Collected data entries
»»

lemma pair_corr_eq_card_close_pairs:
  "pair_corr x N t = card (close_pairs x {1..N} (t / N)) / N"
  by (simp add: pair_corr_def close_pairs_def)

lemma finite_close_pairs: "finite I \<Longrightarrow> finite (close_pairs x I r)"
  by (rule finite_subset[of _ "I \<times> I"]) (auto simp: close_pairs_def)

lemma close_pairs_mono: "r \<le> r' \<Longrightarrow> close_pairs x I r \<subseteq> close_pairs x I r'"
  by (auto simp: close_pairs_def)

lemma dist_int_nonneg: "0 \<le> dist_int t"
  using frac_lt_1[of t] by (simp add: dist_int_def)

lemma pair_corr_neg:
  assumes "t < 0"
  shows "pair_corr x N t = 0"
proof (cases "N = 0")
  case False
  then have "t / N < 0" using assms by (simp add: divide_neg_pos)
  then have "\<not> dist_int (x l - x m) \<le> t / N" for l m
    using dist_int_nonneg[of "x l - x m"] by linarith
  then have "close_pairs x {1..N} (t / N) = {}"
    by (auto simp: close_pairs_def)
  then show ?thesis by (simp add: pair_corr_eq_card_close_pairs)
qed (simp add: pair_corr_def)

(* F_N vanishes at negative arguments, so the window of index k = 0 below needs no special case. *)
lemma poissonian_pair_corr_tendsto:
  assumes "poissonian_pair_corr x"
  shows "(\<lambda>N. pair_corr x N t) \<longlonglongrightarrow> 2 * max t 0"
proof (cases "t < 0")
  case True
  then show ?thesis by (simp add: pair_corr_neg)
next
  case False
  then show ?thesis using assms by (simp add: poissonian_pair_corr_def)
qed

lemma card_pairs_at_dist_le_pair_corr_diff:
  assumes "N > 0" "a / N < d" "d \<le> b / N"
  shows "real (card (pairs_at_dist x {1..N} d)) \<le> N * (pair_corr x N b - pair_corr x N a)"
proof -
  let ?C = "\<lambda>r. close_pairs x {1..N} (r / N)"
  have sub: "?C a \<subseteq> ?C b"
    using assms by (intro close_pairs_mono) simp
  have "pairs_at_dist x {1..N} d \<subseteq> ?C b - ?C a"
    using assms(2,3) by (auto simp: pairs_at_dist_def close_pairs_def)
  then have "card (pairs_at_dist x {1..N} d) \<le> card (?C b) - card (?C a)"
    by (metis card_Diff_subset card_mono finite_Diff finite_atLeastAtMost finite_close_pairs
          finite_subset sub)
  moreover have "card (?C a) \<le> card (?C b)"
    by (intro card_mono finite_close_pairs sub) simp
  ultimately show ?thesis
    using assms(1) by (simp add: pair_corr_eq_card_close_pairs right_diff_distrib of_nat_diff)
qed

lemma poissonian_pairs_at_dist_small:
  fixes \<eta> L :: real
  assumes "poissonian_pair_corr x" "\<eta> > 0"
  shows "\<forall>\<^sub>F N in sequentially.
    \<forall>d \<in> {0..L / N}. real (card (pairs_at_dist x {1..N} d)) \<le> \<eta> * N"
proof -
  define \<epsilon> where "\<epsilon> = \<eta> / 3"
  define K where "K = nat \<lceil>L / \<epsilon>\<rceil>"
  have "\<epsilon> > 0" using assms(2) by (simp add: \<epsilon>_def)
  have window: "\<forall>\<^sub>F N in sequentially.
      pair_corr x N (k * \<epsilon>) - pair_corr x N ((real k - 1) * \<epsilon>) < \<eta>" for k :: nat
  proof -
    have "(\<lambda>N. pair_corr x N (k * \<epsilon>) - pair_corr x N ((real k - 1) * \<epsilon>))
        \<longlonglongrightarrow> 2 * max (k * \<epsilon>) 0 - 2 * max ((real k - 1) * \<epsilon>) 0"
      by (intro tendsto_diff poissonian_pair_corr_tendsto assms(1))
    moreover have "2 * max (k * \<epsilon>) 0 - 2 * max ((real k - 1) * \<epsilon>) 0 < \<eta>"
      using \<open>\<epsilon> > 0\<close> by (cases k) (auto simp: \<epsilon>_def algebra_simps)
    ultimately show ?thesis by (rule order_tendstoD)
  qed
  have "\<forall>\<^sub>F N in sequentially. N > 0 \<and>
      (\<forall>k \<in> {..K}. pair_corr x N (k * \<epsilon>) - pair_corr x N ((real k - 1) * \<epsilon>) < \<eta>)"
    by (intro eventually_conj eventually_gt_at_top eventually_ball_finite finite_atMost ballI window)
  then show ?thesis
  proof eventually_elim
    case (elim N)
    show ?case
    proof
      fix d assume d: "d \<in> {0..L / N}"
      define k where "k = nat \<lceil>d * N / \<epsilon>\<rceil>"
      have "k \<le> K"
        using d elim \<open>\<epsilon> > 0\<close> unfolding k_def K_def
        by (intro nat_mono ceiling_mono divide_right_mono) (auto simp: field_simps)
      have "real k - 1 < d * N / \<epsilon>" "d * N / \<epsilon> \<le> real k"
        using d \<open>\<epsilon> > 0\<close> ceiling_correct[of "d * N / \<epsilon>"] unfolding k_def by auto
      then have "(real k - 1) * \<epsilon> / N < d" "d \<le> k * \<epsilon> / N"
        using elim \<open>\<epsilon> > 0\<close> by (simp_all add: field_simps)
      then have "real (card (pairs_at_dist x {1..N} d))
          \<le> N * (pair_corr x N (k * \<epsilon>) - pair_corr x N ((real k - 1) * \<epsilon>))"
        using elim by (intro card_pairs_at_dist_le_pair_corr_diff) auto
      also have "\<dots> \<le> N * \<eta>"
        using elim \<open>k \<le> K\<close> by (intro mult_left_mono) (simp_all add: less_imp_le)
      finally show "real (card (pairs_at_dist x {1..N} d)) \<le> \<eta> * N"
        by (simp add: mult.commute)
    qed
  qed
qed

««

[PROBLEM REQUIREMENTS] Print the records above again, every one, exactly as written.

[OUTPUT OF THE TASK]
lemma pair_corr_eq_card_close_pairs:
  "pair_corr x N t = card (close_pairs x {1..N} (t / N)) / N"
  by (simp add: pair_corr_def close_pairs_def)

lemma finite_close_pairs: "finite I \<Longrightarrow> finite (close_pairs x I r)"
  by (rule finite_subset[of _ "I \<times> I"]) (auto simp: close_pairs_def)

lemma close_pairs_mono: "r \<le> r' \<Longrightarrow> close_pairs x I r \<subseteq> close_pairs x I r'"
  by (auto simp: close_pairs_def)

lemma dist_int_nonneg: "0 \<le> dist_int t"
  using frac_lt_1[of t] by (simp add: dist_int_def)

lemma pair_corr_neg:
  assumes "t < 0"
  shows "pair_corr x N t = 0"
proof (cases "N = 0")
  case False
  then have "t / N < 0" using assms by (simp add: divide_neg_pos)
  then have "\<not> dist_int (x l - x m) \<le> t / N" for l m
    using dist_int_nonneg[of "x l - x m"] by linarith
  then have "close_pairs x {1..N} (t / N) = {}"
    by (auto simp: close_pairs_def)
  then show ?thesis by (simp add: pair_corr_eq_card_close_pairs)
qed (simp add: pair_corr_def)

(* F_N vanishes at negative arguments, so the window of index k = 0 below needs no special case. *)
lemma poissonian_pair_corr_tendsto:
  assumes "poissonian_pair_corr x"
  shows "(\<lambda>N. pair_corr x N t) \<longlonglongrightarrow> 2 * max t 0"
proof (cases "t < 0")
  case True
  then show ?thesis by (simp add: pair_corr_neg)
next
  case False
  then show ?thesis using assms by (simp add: poissonian_pair_corr_def)
qed

lemma card_pairs_at_dist_le_pair_corr_diff:
  assumes "N > 0" "a / N < d" "d \<le> b / N"
  shows "real (card (pairs_at_dist x {1..N} d)) \<le> N * (pair_corr x N b - pair_corr x N a)"
proof -
  let ?C = "\<lambda>r. close_pairs x {1..N} (r / N)"
  have sub: "?C a \<subseteq> ?C b"
    using assms by (intro close_pairs_mono) simp
  have "pairs_at_dist x {1..N} d \<subseteq> ?C b - ?C a"
    using assms(2,3) by (auto simp: pairs_at_dist_def close_pairs_def)
  then have "card (pairs_at_dist x {1..N} d) \<le> card (?C b) - card (?C a)"
    by (metis card_Diff_subset card_mono finite_Diff finite_atLeastAtMost finite_close_pairs
          finite_subset sub)
  moreover have "card (?C a) \<le> card (?C b)"
    by (intro card_mono finite_close_pairs sub) simp
  ultimately show ?thesis
    using assms(1) by (simp add: pair_corr_eq_card_close_pairs right_diff_distrib of_nat_diff)
qed

lemma poissonian_pairs_at_dist_small:
  fixes \<eta> L :: real
  assumes "poissonian_pair_corr x" "\<eta> > 0"
  shows "\<forall>\<^sub>F N in sequentially.
    \<forall>d \<in> {0..L / N}. real (card (pairs_at_dist x {1..N} d)) \<le> \<eta> * N"
proof -
  define \<epsilon> where "\<epsilon> = \<eta> / 3"
  define K where "K = nat \<lceil>L / \<epsilon>\<rceil>"
  have "\<epsilon> > 0" using assms(2) by (simp add: \<epsilon>_def)
  have window: "\<forall>\<^sub>F N in sequentially.
      pair_corr x N (k * \<epsilon>) - pair_corr x N ((real k - 1) * \<epsilon>) < \<eta>" for k :: nat
  proof -
    have "(\<lambda>N. pair_corr x N (k * \<epsilon>) - pair_corr x N ((real k - 1) * \<epsilon>))
        \<longlonglongrightarrow> 2 * max (k * \<epsilon>) 0 - 2 * max ((real k - 1) * \<epsilon>) 0"
      by (intro tendsto_diff poissonian_pair_corr_tendsto assms(1))
    moreover have "2 * max (k * \<epsilon>) 0 - 2 * max ((real k - 1) * \<epsilon>) 0 < \<eta>"
      using \<open>\<epsilon> > 0\<close> by (cases k) (auto simp: \<epsilon>_def algebra_simps)
    ultimately show ?thesis by (rule order_tendstoD)
  qed
  have "\<forall>\<^sub>F N in sequentially. N > 0 \<and>
      (\<forall>k \<in> {..K}. pair_corr x N (k * \<epsilon>) - pair_corr x N ((real k - 1) * \<epsilon>) < \<eta>)"
    by (intro eventually_conj eventually_gt_at_top eventually_ball_finite finite_atMost ballI window)
  then show ?thesis
  proof eventually_elim
    case (elim N)
    show ?case
    proof
      fix d assume d: "d \<in> {0..L / N}"
      define k where "k = nat \<lceil>d * N / \<epsilon>\<rceil>"
      have "k \<le> K"
        using d elim \<open>\<epsilon> > 0\<close> unfolding k_def K_def
        by (intro nat_mono ceiling_mono divide_right_mono) (auto simp: field_simps)
      have "real k - 1 < d * N / \<epsilon>" "d * N / \<epsilon> \<le> real k"
        using d \<open>\<epsilon> > 0\<close> ceiling_correct[of "d * N / \<epsilon>"] unfolding k_def by auto
      then have "(real k - 1) * \<epsilon> / N < d" "d \<le> k * \<epsilon> / N"
        using elim \<open>\<epsilon> > 0\<close> by (simp_all add: field_simps)
      then have "real (card (pairs_at_dist x {1..N} d))
          \<le> N * (pair_corr x N (k * \<epsilon>) - pair_corr x N ((real k - 1) * \<epsilon>))"
        using elim by (intro card_pairs_at_dist_le_pair_corr_diff) auto
      also have "\<dots> \<le> N * \<eta>"
        using elim \<open>k \<le> K\<close> by (intro mult_left_mono) (simp_all add: less_imp_le)
      finally show "real (card (pairs_at_dist x {1..N} d)) \<le> \<eta> * N"
        by (simp add: mult.commute)
    qed
  qed
qed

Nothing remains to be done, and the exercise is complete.